[TRY IT]
The answer is the number of lines in the data that contain the word "linarith"; give it alone.

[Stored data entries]
lemma rank_complexify:
  fixes A :: "real^'n::finite^'m::finite"
  shows "rank (\<chi> i j. complex_of_real (A$i$j)) = rank A"
proof -
  let ?C = "\<lambda>x::real^'n. \<chi> i. complex_of_real (x$i)"
  have inj: "inj ?C" by (auto simp: inj_def vec_eq_iff)
  obtain BA where BA: "BA \<subseteq> rows A" "vec.independent BA" "rows A \<subseteq> vec.span BA"
      "card BA = vec.dim (rows A)"
    using vec.basis_exists by blast
  have fin: "finite BA" using BA(2) by (rule vec.finiteI_independent)
  have "?C x \<in> vec.span (?C ` BA)" if "x \<in> rows A" for x
  proof -
    have "x \<in> vec.span BA" using BA(3) that by blast
    then obtain u where u: "x = (\<Sum>v\<in>BA. u v *s v)"
      unfolding vec.span_finite[OF fin] by blast
    have "?C x = (\<Sum>v\<in>BA. complex_of_real (u v) *s ?C v)"
      unfolding u by (simp add: vec_eq_iff sum_component)
    also have "\<dots> \<in> vec.span (?C ` BA)"
      by (intro vec.span_sum vec.span_scale vec.span_base) auto
    finally show ?thesis .
  qed
  then have "vec.dim (?C ` rows A) = card (?C ` BA)"
    using BA(1) by (intro vec.dim_unique[OF _ _ independent_complexify[OF BA(2)] refl]) auto
  moreover have "rows (\<chi> i j. complex_of_real (A$i$j)) = ?C ` rows A"
    by (auto simp: rows_def row_def)
  ultimately have "vec.dim (rows (\<chi> i j. complex_of_real (A$i$j))) = card (?C ` BA)"
    by simp
  also have "\<dots> = card BA" using inj by (simp add: card_image inj_on_subset)
  finally show ?thesis unfolding row_rank_def_gen using BA(4) by simp
qed

section \<open>Deleting an edge\<close>

definition delete_edge :: "('n \<Rightarrow> 'n \<Rightarrow> bool) \<Rightarrow> 'n \<Rightarrow> 'n \<Rightarrow> 'n \<Rightarrow> 'n \<Rightarrow> bool" where
  "delete_edge E a b = (\<lambda>x y. E x y \<and> {x, y} \<noteq> {a, b})"

lemma delete_edge_le: "delete_edge E a b x y \<Longrightarrow> E x y"
  by (simp add: delete_edge_def)

lemma delete_edge_cases:
  "E x y \<Longrightarrow> delete_edge E a b x y \<or> (x = a \<and> y = b) \<or> (x = b \<and> y = a)"
  by (auto simp: delete_edge_def doubleton_eq_iff)

lemma symp_delete_edge: "symp E \<Longrightarrow> symp (delete_edge E a b)"
  by (auto simp: symp_def delete_edge_def insert_commute)

lemma unit_gain_delete_edge: "unit_gain E \<phi> \<Longrightarrow> unit_gain (delete_edge E a b) \<phi>"
  by (simp add: unit_gain_def delete_edge_def)

lemma graph_edges_delete_edge:
  assumes "E a b"
  shows "graph_edges E = insert {a, b} (graph_edges (delete_edge E a b))"
    and "{a, b} \<notin> graph_edges (delete_edge E a b)"
  using assms unfolding graph_edges_def delete_edge_def by blast+

lemma card_graph_edges_delete_edge:
  fixes E :: "'n::finite \<Rightarrow> 'n \<Rightarrow> bool"
  shows "E a b \<Longrightarrow> card (graph_edges E) = Suc (card (graph_edges (delete_edge E a b)))"
  using graph_edges_delete_edge[of E a b] by simp

lemma equiv_reachable: "symp E \<Longrightarrow> equiv UNIV {(u, v). E\<^sup>*\<^sup>* u v}"
  using symp_rtranclp[of E] by (auto simp: equiv_def refl_on_def sym_def trans_def symp_def)

lemma rtranclp_delete_edge_le: "(delete_edge E a b)\<^sup>*\<^sup>* x y \<Longrightarrow> E\<^sup>*\<^sup>* x y"
  by (induction rule: rtranclp_induct) (auto dest: delete_edge_le intro: rtranclp.rtrancl_into_rtrancl)

lemma rtranclp_delete_edge_cases:
  assumes "E\<^sup>*\<^sup>* x y"
  shows "(delete_edge E a b)\<^sup>*\<^sup>* x y
    \<or> (delete_edge E a b)\<^sup>*\<^sup>* x a \<and> (delete_edge E a b)\<^sup>*\<^sup>* b y
    \<or> (delete_edge E a b)\<^sup>*\<^sup>* x b \<and> (delete_edge E a b)\<^sup>*\<^sup>* a y"
  using assms
proof (induction rule: rtranclp_induct)
  case (step y z)
  from delete_edge_cases[of E y z a b, OF step(2)] show ?case
    using step(3) by (meson rtranclp.rtrancl_into_rtrancl rtranclp.rtrancl_refl)
qed simp

lemma rtranclp_delete_edge_iff:
  assumes "symp E" and ab: "(delete_edge E a b)\<^sup>*\<^sup>* a b"
  shows "(delete_edge E a b)\<^sup>*\<^sup>* = E\<^sup>*\<^sup>*"
proof (intro ext iffI)
  fix x y
  have "symp (delete_edge E a b)\<^sup>*\<^sup>*"
    using symp_rtranclp[OF symp_delete_edge[OF assms(1)]] .
  then have ba: "(delete_edge E a b)\<^sup>*\<^sup>* b a" using ab by (rule sympD)
  assume "E\<^sup>*\<^sup>* x y"
  then show "(delete_edge E a b)\<^sup>*\<^sup>* x y"
    using rtranclp_delete_edge_cases[of E x y a b] rtranclp_trans[OF _ ab] rtranclp_trans[OF _ ba]
    by (meson rtranclp_trans)
qed (rule rtranclp_delete_edge_le)

lemma num_components_delete_edge_le:
  fixes E :: "'n::finite \<Rightarrow> 'n \<Rightarrow> bool"
  assumes "symp E"
  shows "num_components (delete_edge E a b) \<le> num_components E + 1"
proof -
  let ?D = "delete_edge E a b"
  define R where "R = {(u, v). E\<^sup>*\<^sup>* u v}"
  define R' where "R' = {(u, v). ?D\<^sup>*\<^sup>* u v}"
  have eqR: "equiv UNIV R" unfolding R_def using assms by (rule equiv_reachable)
  have eqR': "equiv UNIV R'" unfolding R'_def using assms by (intro equiv_reachable symp_delete_edge)
  have "R `` (R' `` {x}) = R `` {x}" for x
    by (auto simp: R_def R'_def intro: rtranclp_trans dest: rtranclp_delete_edge_le)
  then have image_class: "R `` X = R `` {x}" if "X = R' `` {x}" for X x
    using that by simp
  \<comment> \<open>every \<open>R\<close>-class is a union of \<open>R'\<close>-classes, and only the \<open>R'\<close>-class of \<open>b\<close> can merge
    with another one\<close>
  let ?Q = "UNIV // R' - {R' `` {b}}"
  have "inj_on ((``) R) ?Q"
  proof (rule inj_onI)
    fix X Y assume X: "X \<in> ?Q" and Y: "Y \<in> ?Q" and "R `` X = R `` Y"
    obtain x y where x: "X = R' `` {x}" and y: "Y = R' `` {y}"
      using X Y unfolding quotient_def by blast
    have "\<not> ?D\<^sup>*\<^sup>* x b" "\<not> ?D\<^sup>*\<^sup>* b y"
      using X Y x y eq_equiv_class_iff[OF eqR'] by (auto simp: R'_def)
    moreover have "R `` {x} = R `` {y}"
      using \<open>R `` X = R `` Y\<close> image_class[OF x] image_class[OF y] by simp
    then have "E\<^sup>*\<^sup>* x y"
      using eq_equiv_class_iff[OF eqR, of x y] by (simp add: R_def)
    ultimately have "?D\<^sup>*\<^sup>* x y"
      using rtranclp_delete_edge_cases[of E x y a b] by blast
    then show "X = Y" using x y eq_equiv_class_iff[OF eqR'] by (auto simp: R'_def)
  qed
  moreover have "(``) R ` ?Q \<subseteq> UNIV // R"
    using image_class by (auto simp: quotient_def)
  ultimately have "card ?Q \<le> card (UNIV // R)"
    by (meson card_inj_on_le finite)
  moreover have "card (UNIV // R') \<le> card ?Q + 1"
    by (cases "R' `` {b} \<in> UNIV // R'") (simp_all add: card_Suc_Diff1)
  moreover have "num_components E = card (UNIV // R)" "num_components ?D = card (UNIV // R')"
    by (simp_all add: num_components_def R_def R'_def)
  ultimately show ?thesis by linarith
qed

lemma num_components_no_edges:
  fixes E :: "'n::finite \<Rightarrow> 'n \<Rightarrow> bool"
  assumes "\<And>x y. \<not> E x y"
  shows "num_components E = CARD('n)"
proof -
  have "E\<^sup>*\<^sup>* = (=)" using assms by (auto simp: fun_eq_iff elim: rtranclp.cases)
  then have "UNIV // {(u, v). E\<^sup>*\<^sup>* u v} = (\<lambda>x. {x}) ` UNIV"
    by (auto simp: quotient_def)
  then show ?thesis unfolding num_components_def by (simp add: card_image)
qed

lemma cyclomatic_no_edges:
  fixes E :: "'n::finite \<Rightarrow> 'n \<Rightarrow> bool"
  assumes "graph_edges E = {}"
  shows "cyclomatic E = 0"
proof -
  have "\<And>x y. \<not> E x y" using assms by (auto simp: graph_edges_def)
  then show ?thesis using assms by (simp add: cyclomatic_def num_components_no_edges)
qed

lemma cyclomatic_delete_edge_le:
  fixes E :: "'n::finite \<Rightarrow> 'n \<Rightarrow> bool"
  assumes "symp E" and "E a b"
  shows "cyclomatic (delete_edge E a b) \<le> cyclomatic E"
  using num_components_delete_edge_le[OF assms(1), of a b]
    card_graph_edges_delete_edge[of E a b, OF assms(2)]
  unfolding cyclomatic_def by linarith

lemma cyclomatic_delete_cycle_edge:
  fixes E :: "'n::finite \<Rightarrow> 'n \<Rightarrow> bool"
  assumes "symp E" and "E a b" and "(delete_edge E a b)\<^sup>*\<^sup>* a b"
  shows "cyclomatic E = cyclomatic (delete_edge E a b) + 1"
  using rtranclp_delete_edge_iff[OF assms(1,3)] card_graph_edges_delete_edge[of E a b, OF assms(2)]
  by (simp add: cyclomatic_def num_components_def)

section \<open>Switching\<close>

text \<open>For unit-valued \<open>s\<close>, \<open>cnj (s u) = inverse (s u)\<close>, so this is the gain function
  of the switched gain graph \<open>\<Phi>\<^sup>s\<close>.\<close>
definition switched_gain :: "('n \<Rightarrow> complex) \<Rightarrow> ('n \<Rightarrow> 'n \<Rightarrow> complex) \<Rightarrow> 'n \<Rightarrow> 'n \<Rightarrow> complex" where
  "switched_gain s \<phi> u v = cnj (s u) * \<phi> u v * s v"

lemma cnj_mult_self_unit: "norm (z::complex) = 1 \<Longrightarrow> cnj z * z = 1"
  by (metis complex_norm_square mult.commute of_real_1 power_one)

lemma switched_gain_reverse:
  assumes "unit_gain E \<phi>" and "E u v"
  shows "switched_gain s \<phi> v u = cnj (switched_gain s \<phi> u v)"
proof -
  have "norm (\<phi> u v) = 1" "\<phi> v u = inverse (\<phi> u v)"
    using assms unfolding unit_gain_def by blast+
  then have "\<phi> v u = cnj (\<phi> u v)"
    using divide_conv_cnj[of "\<phi> u v" 1] by (simp add: inverse_eq_divide)
  then show ?thesis by (simp add: switched_gain_def mult_ac)
qed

[SOLUTION FOR THIS EXERCISE]
2